ASSIGNED TASK:
Return every line from the one with "S \<Longrightarrow> finite" through the one with "unfolding clique_number_def using", inclusive, exactly as it appears below.

RECORDS FOR THIS TASK:
lemma chi_join:
  assumes "finite A" "finite B" "A \<inter> B = {}" "\<forall>a\<in>A. \<forall>b\<in>B. E a b"
  shows "chi A + chi B \<le> chi (A \<union> B)"
proof -
  obtain c where c: "proper_colouring (A \<union> B) E (chi (A \<union> B)) c"
    using exists_optimal_colouring assms by blast
  then have "proper_on A c" "proper_on B c" and range: "c ` (A \<union> B) \<subseteq> {..<chi (A \<union> B)}"
    unfolding proper_colouring_iff proper_on_def by auto
  have disjoint: "c ` A \<inter> c ` B = {}"
    using c assms(4) unfolding proper_colouring_def by blast
  have "chi A + chi B \<le> card (c ` A) + card (c ` B)"
    by (intro add_mono chi_le_card_image) fact+
  also have "\<dots> = card (c ` (A \<union> B))"
    using disjoint assms(1,2) by (simp add: image_Un card_Un_disjoint)
  also have "\<dots> \<le> chi (A \<union> B)"
    using card_mono[OF _ range] by simp
  finally show ?thesis .
qed

lemma finite_clique_sizes: "finite S \<Longrightarrow> finite {card K | K. is_clique S E K}"
  unfolding is_clique_def
  by (rule finite_subset[of _ "card ` Pow S"]) auto

lemma card_le_omega: "finite S \<Longrightarrow> is_clique S E K \<Longrightarrow> card K \<le> omega S"
  unfolding clique_number_def using finite_clique_sizes by (intro Max_ge) auto

lemma exists_maximum_clique:
  assumes "finite S"
  shows "\<exists>K. is_clique S E K \<and> card K = omega S"
proof -
  have "is_clique S E {}" by (simp add: is_clique_def)
  then have "{card K | K. is_clique S E K} \<noteq> {}" by blast
  from Max_in[OF finite_clique_sizes[OF assms] this] show ?thesis
    unfolding clique_number_def by auto
qed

EXERCISE RESULT:
lemma finite_clique_sizes: "finite S \<Longrightarrow> finite {card K | K. is_clique S E K}"
  unfolding is_clique_def
  by (rule finite_subset[of _ "card ` Pow S"]) auto

lemma card_le_omega: "finite S \<Longrightarrow> is_clique S E K \<Longrightarrow> card K \<le> omega S"
  unfolding clique_number_def using finite_clique_sizes by (intro Max_ge) auto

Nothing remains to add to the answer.